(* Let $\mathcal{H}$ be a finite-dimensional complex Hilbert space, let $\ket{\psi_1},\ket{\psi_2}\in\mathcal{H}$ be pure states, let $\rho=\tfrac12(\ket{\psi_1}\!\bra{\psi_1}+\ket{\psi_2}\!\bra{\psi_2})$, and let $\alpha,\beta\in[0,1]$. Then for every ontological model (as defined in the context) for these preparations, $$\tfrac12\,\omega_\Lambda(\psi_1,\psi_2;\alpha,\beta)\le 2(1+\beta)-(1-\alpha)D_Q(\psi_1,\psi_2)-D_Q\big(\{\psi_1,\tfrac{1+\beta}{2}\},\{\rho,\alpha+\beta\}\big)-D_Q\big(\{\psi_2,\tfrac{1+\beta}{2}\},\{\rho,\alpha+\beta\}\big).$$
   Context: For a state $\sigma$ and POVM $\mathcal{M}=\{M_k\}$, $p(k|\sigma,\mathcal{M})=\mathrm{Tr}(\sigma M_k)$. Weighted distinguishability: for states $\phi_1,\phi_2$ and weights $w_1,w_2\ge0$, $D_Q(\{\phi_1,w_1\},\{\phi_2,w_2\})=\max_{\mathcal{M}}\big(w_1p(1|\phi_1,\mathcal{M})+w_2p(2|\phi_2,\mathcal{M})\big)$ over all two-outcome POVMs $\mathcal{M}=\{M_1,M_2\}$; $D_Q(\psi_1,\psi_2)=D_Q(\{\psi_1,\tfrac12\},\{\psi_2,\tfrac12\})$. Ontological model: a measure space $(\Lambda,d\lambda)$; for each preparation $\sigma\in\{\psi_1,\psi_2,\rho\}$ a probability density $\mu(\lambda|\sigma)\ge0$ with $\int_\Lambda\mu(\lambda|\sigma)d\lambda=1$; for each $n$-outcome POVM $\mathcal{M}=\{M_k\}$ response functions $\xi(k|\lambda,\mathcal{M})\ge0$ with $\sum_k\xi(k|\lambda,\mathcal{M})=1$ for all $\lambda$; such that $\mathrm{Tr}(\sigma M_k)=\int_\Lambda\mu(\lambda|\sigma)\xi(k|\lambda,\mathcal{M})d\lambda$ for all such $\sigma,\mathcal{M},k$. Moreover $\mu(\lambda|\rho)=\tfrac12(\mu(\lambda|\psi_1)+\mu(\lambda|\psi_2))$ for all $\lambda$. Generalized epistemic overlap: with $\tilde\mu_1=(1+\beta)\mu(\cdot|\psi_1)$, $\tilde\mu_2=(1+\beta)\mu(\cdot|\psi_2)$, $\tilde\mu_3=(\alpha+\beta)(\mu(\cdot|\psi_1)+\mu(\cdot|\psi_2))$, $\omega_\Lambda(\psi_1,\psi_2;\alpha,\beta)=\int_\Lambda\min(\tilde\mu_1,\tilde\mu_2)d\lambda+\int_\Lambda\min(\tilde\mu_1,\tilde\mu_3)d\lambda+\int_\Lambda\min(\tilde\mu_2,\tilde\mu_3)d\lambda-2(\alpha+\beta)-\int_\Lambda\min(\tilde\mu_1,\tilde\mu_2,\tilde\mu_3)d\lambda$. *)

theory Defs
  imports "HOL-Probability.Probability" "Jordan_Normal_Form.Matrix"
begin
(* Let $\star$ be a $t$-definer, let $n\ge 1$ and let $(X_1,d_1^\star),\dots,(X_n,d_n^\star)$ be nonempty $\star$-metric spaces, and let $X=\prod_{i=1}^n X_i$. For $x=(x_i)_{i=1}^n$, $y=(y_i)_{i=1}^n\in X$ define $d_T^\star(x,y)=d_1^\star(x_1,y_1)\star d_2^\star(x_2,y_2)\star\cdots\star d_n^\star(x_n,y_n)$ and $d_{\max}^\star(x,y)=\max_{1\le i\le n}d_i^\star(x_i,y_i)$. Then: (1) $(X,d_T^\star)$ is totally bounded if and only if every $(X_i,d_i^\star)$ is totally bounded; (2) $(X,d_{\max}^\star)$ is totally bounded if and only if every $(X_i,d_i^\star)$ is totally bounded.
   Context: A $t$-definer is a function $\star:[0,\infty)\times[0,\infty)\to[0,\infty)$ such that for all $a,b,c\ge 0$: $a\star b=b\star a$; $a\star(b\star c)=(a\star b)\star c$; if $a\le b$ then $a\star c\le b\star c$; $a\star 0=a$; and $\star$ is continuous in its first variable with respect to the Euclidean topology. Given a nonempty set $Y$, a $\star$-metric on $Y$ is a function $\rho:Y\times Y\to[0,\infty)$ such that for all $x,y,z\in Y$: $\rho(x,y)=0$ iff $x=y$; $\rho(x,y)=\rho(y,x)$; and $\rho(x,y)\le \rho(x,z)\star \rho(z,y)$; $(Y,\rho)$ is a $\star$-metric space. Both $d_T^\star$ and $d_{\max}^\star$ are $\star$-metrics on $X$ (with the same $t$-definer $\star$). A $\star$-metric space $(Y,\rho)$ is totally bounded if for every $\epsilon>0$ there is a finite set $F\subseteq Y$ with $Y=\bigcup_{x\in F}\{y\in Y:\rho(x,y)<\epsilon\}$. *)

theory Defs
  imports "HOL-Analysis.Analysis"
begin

* * *

## ABOUT THIS EXERCISE
Only lines with the word "imports" go in the answer. Take them all from the entries above.

## SOLUTION BELOW
  imports "HOL-Probability.Probability" "Jordan_Normal_Form.Matrix"
  imports "HOL-Analysis.Analysis"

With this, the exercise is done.